* [PROBLEM TO SOLVE] Only these lines of the data below are wanted: the one with "angles lie within", the one with "where m(a, b)", and any lines between them, each repeated exactly.

(Saved entries)
....

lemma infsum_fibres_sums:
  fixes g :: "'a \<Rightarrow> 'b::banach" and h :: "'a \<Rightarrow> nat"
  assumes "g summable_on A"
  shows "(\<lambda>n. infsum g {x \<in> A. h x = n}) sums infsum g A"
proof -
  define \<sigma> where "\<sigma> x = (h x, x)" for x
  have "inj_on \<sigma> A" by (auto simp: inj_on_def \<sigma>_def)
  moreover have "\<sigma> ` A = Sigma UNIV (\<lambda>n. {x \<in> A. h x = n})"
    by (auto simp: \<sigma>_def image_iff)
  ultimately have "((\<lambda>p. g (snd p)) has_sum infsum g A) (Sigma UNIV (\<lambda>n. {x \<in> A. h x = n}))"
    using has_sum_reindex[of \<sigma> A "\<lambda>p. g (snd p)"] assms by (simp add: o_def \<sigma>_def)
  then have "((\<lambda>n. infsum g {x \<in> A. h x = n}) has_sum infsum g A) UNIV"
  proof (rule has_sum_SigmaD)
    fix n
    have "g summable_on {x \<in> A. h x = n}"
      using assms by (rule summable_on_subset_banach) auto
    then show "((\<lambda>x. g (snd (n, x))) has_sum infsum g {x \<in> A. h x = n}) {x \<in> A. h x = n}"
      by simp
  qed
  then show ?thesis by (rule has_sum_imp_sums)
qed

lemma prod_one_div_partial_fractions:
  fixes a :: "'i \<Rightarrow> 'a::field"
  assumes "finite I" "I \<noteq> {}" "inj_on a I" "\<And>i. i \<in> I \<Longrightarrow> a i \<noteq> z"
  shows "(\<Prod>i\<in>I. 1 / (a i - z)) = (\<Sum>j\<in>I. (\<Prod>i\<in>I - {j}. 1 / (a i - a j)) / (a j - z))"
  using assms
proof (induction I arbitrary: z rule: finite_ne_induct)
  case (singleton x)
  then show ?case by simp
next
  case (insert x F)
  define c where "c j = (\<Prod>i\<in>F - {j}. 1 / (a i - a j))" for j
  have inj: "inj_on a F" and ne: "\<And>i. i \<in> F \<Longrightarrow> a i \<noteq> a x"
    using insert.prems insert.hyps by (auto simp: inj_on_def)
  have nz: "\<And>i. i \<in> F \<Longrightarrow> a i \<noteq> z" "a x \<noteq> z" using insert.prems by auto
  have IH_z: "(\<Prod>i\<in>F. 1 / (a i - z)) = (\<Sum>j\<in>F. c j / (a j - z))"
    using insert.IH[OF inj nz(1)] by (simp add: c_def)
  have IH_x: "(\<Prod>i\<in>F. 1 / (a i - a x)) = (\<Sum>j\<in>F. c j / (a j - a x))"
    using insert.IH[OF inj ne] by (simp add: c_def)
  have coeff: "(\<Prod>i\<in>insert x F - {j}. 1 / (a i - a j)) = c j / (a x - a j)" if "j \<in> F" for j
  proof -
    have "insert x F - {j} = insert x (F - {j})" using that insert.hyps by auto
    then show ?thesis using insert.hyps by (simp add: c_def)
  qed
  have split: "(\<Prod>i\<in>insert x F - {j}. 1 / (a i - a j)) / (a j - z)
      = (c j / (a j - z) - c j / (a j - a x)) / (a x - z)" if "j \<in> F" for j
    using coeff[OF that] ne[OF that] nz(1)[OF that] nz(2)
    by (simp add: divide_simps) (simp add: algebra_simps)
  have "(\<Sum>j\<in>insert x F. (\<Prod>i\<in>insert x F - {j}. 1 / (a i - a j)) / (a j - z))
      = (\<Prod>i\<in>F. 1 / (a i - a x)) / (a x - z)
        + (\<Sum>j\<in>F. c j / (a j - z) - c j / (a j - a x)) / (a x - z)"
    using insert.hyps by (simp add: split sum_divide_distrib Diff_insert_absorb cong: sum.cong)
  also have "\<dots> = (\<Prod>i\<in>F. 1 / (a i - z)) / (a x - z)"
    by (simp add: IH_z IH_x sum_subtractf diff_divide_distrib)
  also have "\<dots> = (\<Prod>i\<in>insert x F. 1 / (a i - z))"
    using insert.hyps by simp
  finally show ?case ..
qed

....

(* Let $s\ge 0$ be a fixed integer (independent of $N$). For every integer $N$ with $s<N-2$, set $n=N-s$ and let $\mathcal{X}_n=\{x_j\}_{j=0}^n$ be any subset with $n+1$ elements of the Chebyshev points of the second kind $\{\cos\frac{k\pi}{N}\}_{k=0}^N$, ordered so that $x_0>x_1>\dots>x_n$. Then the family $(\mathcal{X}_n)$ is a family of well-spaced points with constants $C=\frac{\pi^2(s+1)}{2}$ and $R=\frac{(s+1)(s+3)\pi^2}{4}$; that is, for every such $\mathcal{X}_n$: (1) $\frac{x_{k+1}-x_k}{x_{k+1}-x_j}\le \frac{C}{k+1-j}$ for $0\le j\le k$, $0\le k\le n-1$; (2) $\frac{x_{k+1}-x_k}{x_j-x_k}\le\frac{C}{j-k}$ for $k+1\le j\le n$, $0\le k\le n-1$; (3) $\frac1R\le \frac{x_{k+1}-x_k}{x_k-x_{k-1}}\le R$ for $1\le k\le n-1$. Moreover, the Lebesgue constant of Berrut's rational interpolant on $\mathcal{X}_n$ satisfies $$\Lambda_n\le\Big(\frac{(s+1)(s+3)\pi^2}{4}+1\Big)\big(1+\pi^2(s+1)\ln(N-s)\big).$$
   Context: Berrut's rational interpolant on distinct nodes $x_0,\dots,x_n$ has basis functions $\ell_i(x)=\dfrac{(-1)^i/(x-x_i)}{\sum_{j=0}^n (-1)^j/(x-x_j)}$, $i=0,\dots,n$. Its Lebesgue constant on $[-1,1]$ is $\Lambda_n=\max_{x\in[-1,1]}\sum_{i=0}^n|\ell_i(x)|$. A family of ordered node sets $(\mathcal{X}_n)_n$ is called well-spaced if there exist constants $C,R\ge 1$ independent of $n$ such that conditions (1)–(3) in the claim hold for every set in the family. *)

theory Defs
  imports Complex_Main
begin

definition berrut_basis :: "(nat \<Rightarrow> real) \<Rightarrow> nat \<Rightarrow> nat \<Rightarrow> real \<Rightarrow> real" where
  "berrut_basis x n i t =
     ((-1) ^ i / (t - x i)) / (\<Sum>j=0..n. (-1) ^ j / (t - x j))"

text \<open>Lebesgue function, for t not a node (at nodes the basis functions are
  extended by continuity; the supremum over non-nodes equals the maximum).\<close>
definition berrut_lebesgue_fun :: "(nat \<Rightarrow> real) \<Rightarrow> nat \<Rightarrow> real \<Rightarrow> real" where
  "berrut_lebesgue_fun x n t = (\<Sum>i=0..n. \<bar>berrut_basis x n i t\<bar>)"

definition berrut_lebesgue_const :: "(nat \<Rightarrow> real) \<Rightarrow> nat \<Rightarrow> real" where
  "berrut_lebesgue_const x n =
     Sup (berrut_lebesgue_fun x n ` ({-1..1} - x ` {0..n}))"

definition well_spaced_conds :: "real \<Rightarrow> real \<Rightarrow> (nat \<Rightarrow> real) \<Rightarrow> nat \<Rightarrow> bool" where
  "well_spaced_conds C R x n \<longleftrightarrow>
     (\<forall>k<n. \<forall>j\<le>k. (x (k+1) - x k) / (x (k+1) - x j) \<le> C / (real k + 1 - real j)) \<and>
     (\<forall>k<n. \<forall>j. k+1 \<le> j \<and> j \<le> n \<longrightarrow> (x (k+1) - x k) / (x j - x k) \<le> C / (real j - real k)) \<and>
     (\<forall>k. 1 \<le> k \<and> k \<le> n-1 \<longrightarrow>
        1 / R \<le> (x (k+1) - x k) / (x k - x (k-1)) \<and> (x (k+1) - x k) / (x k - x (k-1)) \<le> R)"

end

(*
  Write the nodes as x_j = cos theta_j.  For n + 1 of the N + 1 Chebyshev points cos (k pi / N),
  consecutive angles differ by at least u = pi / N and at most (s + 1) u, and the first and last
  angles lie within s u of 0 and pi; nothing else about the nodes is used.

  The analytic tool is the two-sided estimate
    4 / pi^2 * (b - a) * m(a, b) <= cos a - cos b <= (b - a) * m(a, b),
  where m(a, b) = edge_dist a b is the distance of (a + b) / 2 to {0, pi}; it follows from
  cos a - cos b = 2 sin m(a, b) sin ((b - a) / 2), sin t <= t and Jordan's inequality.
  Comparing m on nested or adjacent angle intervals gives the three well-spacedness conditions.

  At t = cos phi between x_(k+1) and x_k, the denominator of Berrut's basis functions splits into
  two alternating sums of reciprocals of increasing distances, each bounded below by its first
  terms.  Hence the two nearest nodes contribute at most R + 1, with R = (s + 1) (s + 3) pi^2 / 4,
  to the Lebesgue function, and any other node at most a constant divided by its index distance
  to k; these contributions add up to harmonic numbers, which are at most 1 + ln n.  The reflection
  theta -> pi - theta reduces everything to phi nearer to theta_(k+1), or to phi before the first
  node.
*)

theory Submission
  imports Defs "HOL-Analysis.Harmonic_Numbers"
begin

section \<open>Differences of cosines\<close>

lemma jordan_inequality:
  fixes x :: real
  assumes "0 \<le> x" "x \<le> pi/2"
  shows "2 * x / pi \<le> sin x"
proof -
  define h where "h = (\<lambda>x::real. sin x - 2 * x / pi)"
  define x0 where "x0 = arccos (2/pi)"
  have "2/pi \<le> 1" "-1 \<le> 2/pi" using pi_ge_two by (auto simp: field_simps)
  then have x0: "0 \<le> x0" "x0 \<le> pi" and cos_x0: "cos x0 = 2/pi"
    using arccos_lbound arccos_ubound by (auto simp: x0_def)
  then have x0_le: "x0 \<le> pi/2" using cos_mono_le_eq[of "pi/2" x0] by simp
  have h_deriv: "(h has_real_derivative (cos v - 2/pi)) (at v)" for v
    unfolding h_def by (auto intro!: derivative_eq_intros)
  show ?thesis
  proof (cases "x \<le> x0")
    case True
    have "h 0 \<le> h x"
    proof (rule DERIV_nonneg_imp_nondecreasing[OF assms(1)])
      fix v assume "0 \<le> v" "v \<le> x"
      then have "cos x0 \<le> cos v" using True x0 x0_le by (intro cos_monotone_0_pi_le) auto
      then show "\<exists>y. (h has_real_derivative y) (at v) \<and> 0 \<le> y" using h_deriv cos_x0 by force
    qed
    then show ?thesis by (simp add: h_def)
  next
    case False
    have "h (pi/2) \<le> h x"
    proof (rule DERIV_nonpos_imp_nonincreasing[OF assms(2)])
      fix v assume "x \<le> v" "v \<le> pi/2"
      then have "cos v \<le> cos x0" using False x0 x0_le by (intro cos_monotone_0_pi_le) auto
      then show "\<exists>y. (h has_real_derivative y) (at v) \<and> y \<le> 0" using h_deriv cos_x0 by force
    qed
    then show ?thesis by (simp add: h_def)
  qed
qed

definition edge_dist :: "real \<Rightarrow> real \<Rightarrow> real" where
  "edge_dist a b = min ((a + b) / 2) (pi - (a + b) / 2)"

....

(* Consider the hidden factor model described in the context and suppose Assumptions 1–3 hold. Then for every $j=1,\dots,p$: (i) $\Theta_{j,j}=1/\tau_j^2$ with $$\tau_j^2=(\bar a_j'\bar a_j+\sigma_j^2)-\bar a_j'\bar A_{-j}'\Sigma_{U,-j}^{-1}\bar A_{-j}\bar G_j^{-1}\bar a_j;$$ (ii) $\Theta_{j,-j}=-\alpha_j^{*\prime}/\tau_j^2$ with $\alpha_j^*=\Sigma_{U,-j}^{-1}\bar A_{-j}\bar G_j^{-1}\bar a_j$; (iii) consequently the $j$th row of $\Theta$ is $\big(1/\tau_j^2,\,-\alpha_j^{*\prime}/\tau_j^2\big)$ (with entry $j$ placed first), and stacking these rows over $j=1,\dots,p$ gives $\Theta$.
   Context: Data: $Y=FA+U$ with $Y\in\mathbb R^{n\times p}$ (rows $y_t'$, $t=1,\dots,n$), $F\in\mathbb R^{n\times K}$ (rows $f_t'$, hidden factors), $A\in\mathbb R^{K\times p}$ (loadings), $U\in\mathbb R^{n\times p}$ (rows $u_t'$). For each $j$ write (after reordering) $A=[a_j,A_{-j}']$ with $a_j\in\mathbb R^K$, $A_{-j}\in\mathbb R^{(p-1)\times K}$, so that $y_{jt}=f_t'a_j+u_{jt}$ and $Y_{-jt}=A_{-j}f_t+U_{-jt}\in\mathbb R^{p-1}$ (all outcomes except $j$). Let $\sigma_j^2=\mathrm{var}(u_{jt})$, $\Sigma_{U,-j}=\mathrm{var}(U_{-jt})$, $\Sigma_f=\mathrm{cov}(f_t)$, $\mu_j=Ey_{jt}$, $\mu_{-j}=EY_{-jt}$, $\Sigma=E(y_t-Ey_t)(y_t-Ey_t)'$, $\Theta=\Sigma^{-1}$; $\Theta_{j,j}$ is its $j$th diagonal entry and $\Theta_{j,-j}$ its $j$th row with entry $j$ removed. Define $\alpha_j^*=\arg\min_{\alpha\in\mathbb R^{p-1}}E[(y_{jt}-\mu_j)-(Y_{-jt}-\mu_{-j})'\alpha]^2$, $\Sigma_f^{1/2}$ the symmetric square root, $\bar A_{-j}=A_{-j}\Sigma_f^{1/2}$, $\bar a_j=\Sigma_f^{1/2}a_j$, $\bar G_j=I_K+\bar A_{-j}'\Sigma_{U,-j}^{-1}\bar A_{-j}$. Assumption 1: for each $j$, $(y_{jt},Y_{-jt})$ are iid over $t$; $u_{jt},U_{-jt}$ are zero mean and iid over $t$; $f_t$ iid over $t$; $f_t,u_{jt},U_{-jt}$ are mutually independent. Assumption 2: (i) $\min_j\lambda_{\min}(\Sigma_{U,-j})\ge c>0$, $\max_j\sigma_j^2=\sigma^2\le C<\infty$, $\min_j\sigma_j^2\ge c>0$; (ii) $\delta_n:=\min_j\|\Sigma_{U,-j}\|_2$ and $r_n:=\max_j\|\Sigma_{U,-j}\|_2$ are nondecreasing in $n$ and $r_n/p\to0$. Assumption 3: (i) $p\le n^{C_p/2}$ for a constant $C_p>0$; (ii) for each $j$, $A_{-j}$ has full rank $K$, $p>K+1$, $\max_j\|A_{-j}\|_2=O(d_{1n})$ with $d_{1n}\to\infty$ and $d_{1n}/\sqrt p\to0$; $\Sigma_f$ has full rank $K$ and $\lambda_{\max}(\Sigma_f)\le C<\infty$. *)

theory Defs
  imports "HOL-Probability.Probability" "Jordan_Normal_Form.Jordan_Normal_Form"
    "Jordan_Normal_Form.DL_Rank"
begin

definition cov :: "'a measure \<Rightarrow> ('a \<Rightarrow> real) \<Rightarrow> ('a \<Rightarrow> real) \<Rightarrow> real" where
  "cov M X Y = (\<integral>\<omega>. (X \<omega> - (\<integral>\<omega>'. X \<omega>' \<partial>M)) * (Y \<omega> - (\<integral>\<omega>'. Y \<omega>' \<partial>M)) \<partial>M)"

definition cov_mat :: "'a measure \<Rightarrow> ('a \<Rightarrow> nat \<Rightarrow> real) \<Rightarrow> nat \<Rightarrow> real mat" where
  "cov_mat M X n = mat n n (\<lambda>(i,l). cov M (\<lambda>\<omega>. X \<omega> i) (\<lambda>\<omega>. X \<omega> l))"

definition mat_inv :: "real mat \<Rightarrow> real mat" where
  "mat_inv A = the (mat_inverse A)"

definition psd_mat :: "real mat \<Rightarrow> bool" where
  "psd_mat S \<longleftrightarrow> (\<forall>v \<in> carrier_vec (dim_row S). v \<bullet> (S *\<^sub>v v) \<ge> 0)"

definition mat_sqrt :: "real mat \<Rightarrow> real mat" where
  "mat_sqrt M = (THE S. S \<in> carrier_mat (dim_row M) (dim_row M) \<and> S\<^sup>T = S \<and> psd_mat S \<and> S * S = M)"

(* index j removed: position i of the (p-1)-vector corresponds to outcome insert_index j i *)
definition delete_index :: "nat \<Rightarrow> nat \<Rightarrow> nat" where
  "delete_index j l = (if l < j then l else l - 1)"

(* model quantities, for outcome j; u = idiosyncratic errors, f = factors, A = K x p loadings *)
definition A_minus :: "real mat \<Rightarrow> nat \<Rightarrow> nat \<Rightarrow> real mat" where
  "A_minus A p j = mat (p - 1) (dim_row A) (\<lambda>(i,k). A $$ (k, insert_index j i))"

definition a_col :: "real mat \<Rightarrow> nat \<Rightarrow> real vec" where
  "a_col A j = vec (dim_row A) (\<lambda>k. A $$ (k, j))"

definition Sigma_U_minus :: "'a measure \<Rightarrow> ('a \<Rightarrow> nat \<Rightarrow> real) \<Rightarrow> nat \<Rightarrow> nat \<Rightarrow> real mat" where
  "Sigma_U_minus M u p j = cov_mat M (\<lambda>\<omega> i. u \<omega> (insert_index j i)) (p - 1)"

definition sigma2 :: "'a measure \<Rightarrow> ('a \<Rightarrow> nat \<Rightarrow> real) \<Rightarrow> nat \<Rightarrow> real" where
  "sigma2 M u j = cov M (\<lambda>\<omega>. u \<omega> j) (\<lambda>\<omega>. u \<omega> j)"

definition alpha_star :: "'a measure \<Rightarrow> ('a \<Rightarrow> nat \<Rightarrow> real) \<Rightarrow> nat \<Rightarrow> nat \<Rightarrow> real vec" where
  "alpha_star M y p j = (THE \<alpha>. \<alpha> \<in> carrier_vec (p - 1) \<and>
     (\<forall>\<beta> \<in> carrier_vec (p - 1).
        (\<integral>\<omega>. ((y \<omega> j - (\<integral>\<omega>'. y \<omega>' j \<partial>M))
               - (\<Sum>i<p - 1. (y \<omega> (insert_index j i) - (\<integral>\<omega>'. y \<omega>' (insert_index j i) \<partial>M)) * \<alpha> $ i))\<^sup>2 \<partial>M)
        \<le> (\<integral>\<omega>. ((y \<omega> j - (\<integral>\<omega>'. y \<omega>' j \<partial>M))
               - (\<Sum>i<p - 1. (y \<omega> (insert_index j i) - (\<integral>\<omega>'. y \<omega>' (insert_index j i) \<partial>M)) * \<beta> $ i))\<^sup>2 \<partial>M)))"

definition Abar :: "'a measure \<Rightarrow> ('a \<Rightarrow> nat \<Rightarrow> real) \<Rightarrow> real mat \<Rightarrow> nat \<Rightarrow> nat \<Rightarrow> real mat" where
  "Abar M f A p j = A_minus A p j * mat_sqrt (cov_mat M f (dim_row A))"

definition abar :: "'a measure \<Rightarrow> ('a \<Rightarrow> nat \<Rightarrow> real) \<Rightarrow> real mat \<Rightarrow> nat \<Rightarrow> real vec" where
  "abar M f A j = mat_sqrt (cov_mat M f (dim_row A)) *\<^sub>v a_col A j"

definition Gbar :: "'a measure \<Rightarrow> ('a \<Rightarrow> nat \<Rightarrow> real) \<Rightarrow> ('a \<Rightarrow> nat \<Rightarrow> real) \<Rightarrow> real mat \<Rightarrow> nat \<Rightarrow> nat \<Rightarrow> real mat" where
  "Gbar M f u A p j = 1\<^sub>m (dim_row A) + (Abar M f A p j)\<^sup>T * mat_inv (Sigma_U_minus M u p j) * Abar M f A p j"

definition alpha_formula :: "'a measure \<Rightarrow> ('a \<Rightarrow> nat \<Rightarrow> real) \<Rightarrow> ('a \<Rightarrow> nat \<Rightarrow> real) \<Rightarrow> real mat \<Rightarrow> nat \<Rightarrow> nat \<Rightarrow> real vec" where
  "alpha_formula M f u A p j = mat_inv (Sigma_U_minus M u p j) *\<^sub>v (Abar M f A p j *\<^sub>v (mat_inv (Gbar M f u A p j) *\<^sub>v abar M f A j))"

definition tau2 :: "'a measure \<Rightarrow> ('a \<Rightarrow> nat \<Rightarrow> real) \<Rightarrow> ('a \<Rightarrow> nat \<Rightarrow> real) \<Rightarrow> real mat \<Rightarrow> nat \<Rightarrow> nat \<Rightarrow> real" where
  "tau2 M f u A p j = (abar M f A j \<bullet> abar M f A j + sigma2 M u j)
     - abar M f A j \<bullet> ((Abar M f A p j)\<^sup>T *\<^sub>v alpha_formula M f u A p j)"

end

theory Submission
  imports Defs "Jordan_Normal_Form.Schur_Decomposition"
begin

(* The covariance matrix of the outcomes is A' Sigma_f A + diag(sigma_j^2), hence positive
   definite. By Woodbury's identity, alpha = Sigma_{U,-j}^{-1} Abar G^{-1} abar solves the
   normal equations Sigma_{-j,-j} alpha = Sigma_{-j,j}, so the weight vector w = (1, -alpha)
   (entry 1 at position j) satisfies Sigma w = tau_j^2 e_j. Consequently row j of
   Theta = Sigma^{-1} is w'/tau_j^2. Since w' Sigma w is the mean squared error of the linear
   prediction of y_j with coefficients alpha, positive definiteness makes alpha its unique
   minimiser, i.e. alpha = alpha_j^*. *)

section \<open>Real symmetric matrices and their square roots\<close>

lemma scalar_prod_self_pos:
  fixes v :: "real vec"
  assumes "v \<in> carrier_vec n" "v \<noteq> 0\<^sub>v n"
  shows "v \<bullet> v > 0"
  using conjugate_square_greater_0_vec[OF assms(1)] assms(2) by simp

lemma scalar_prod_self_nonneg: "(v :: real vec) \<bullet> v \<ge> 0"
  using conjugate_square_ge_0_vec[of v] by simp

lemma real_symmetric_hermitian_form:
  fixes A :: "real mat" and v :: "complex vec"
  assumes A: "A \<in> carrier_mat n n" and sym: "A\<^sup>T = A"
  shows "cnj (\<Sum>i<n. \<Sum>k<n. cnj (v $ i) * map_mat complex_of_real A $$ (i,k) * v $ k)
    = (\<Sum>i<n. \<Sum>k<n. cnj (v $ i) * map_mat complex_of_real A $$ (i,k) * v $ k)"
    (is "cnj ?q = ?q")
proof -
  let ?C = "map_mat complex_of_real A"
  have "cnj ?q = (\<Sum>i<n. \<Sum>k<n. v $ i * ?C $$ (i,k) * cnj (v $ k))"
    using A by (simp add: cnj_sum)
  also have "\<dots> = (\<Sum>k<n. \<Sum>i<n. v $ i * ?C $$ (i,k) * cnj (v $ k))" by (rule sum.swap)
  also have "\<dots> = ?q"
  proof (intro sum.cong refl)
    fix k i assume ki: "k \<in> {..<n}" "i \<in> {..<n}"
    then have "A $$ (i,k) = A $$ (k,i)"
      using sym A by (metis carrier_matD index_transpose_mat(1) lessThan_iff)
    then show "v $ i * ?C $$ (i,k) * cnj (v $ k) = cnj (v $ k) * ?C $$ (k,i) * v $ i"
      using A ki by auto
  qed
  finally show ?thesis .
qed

....

* [SOLUTION]
  angles lie within s u of 0 and pi; nothing else about the nodes is used.

  The analytic tool is the two-sided estimate
    4 / pi^2 * (b - a) * m(a, b) <= cos a - cos b <= (b - a) * m(a, b),
  where m(a, b) = edge_dist a b is the distance of (a + b) / 2 to {0, pi}; it follows from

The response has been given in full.